Monday, April 14, 2014

I have been reading "The Good Book" by Peter Gomes, published in 1996.  Pastor Gomes was preacher to Harvard University at the time he wrote this marvelous book.  He died in 2011 at the age of 68.

At the end of this book, Peter Gomes writes about preaching on Christmas and Easter.  He says that there is a temptation to ". . . let out a year's accumulated bile against the 'twicesters,' as those who came but twice a year were called. . . . The problem of clerical anger on these great holy days is one thing,but there is an even greater problem, and that is what to say to people who give you at best two opportunities to tell them all they need to know about the gospel."

Gomes' contention is that people come to church on Christmas and Easter because they are hungry and thirsty, and the job of the preacher is to feed them.  It may be inconvenient that they only want to be fed on Christmas and Easter, but that is beside the point.

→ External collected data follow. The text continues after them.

text \<open>The feeders of the new input are old feeders of x (whose single output x becomes i), feeders
  of i inside M, or, when x is a transition feeding the input of N, the sink e of M.\<close>
lemma input_feeders_W:
  assumes "rooted N" "terminal_io N" "input_feeders N" "terminal_io M" "input_feeders M"
  shows "input_feeders W"
proof -
  obtain iN where iN: "inp N = {iN}" "iN \<in> nodes N"
    using assms(1) by (auto simp: rooted_def)
  have "post W t = {y}" if y: "y \<in> inp W" and t: "t \<in> pre W y" for y t
  proof (cases "iN = x")
    case True
    then have "y = i" using y iN inp_M by (auto simp: subst_def)
    then have "t \<in> pre M i \<or> t \<in> pre N x" using t pre_W_M[OF i_in_M] by auto
    then show ?thesis
    proof
      assume t_M: "t \<in> pre M i"
      then have "t \<in> nodes M" "t \<noteq> e"
        using flow_nodes[OF petri_M] e_not_pre_i[OF assms(4)] by (auto simp: pre_def)
      then show ?thesis using post_W_M t_M assms(5) inp_M \<open>y = i\<close> by (auto simp: input_feeders_def)
    next
      assume t_N: "t \<in> pre N x"
      then have "post N t = {x}" using assms(3) iN True by (auto simp: input_feeders_def)
      moreover have "t \<in> nodes N" "t \<noteq> x" using t_N flow_nodes[OF petri_N] by (auto simp: pre_def)
      ultimately have "post W t = {i}" using post_W_N by auto
      then show ?thesis using \<open>y = i\<close> by simp
    qed
  next
    case iN_not_x: False
    then have "y = iN" using y iN by (auto simp: subst_def)
    then obtain s where s: "s \<in> pre N iN" "t = (if s = x then e else s)"
      using t pre_W_N iN iN_not_x by auto
    have post_s: "post N s = {iN}" using assms(3) iN s(1) by (auto simp: input_feeders_def)
    show ?thesis
    proof (cases "s = x")
      case True
      have "iN \<notin> tr N" using assms(2) iN s(1) by (auto simp: terminal_io_def)
      then have "x \<in> tr N" using s(1) True flow_endpoints[OF petri_N, of x iN] by (auto simp: pre_def)
      then show ?thesis
        using post_W_M[OF e_in_M] boundary_M[OF assms(4)] post_s s(2) True \<open>y = iN\<close> by auto
    next
      case False
      then show ?thesis
        using post_W_N[of s] flow_nodes[OF petri_N, of s iN] post_s s \<open>y = iN\<close> iN_not_x
        by (auto simp: pre_def)
    qed
  qed
  then show ?thesis by (auto simp: input_feeders_def)
qed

What meal do you set before them?  Gomes says, ". . . don't give them an explanation."  Don't attempt to explain Christmas and make sense of Easter.  "How much clerical jaw-breaking has expanded upon making reasonable the incredible, and hence the extra-rational, phenomena of Easter morning?"

He says ". . . it matters that the tomb was empty and the stone rolled away, . . ."  But what people want to know and need to know and have a right to know is ". . . what it means to them, here and now."

If I understand Gomes, he is reminding the preacher that those who come to worship on Easter are asking this question:  What difference does it make in my living and in my dying that the tomb was empty on that Sunday morning long ago?

The preacher need not explain the mystery.  Rather she will tell the mystery and invite the listener to enter in to the mystery.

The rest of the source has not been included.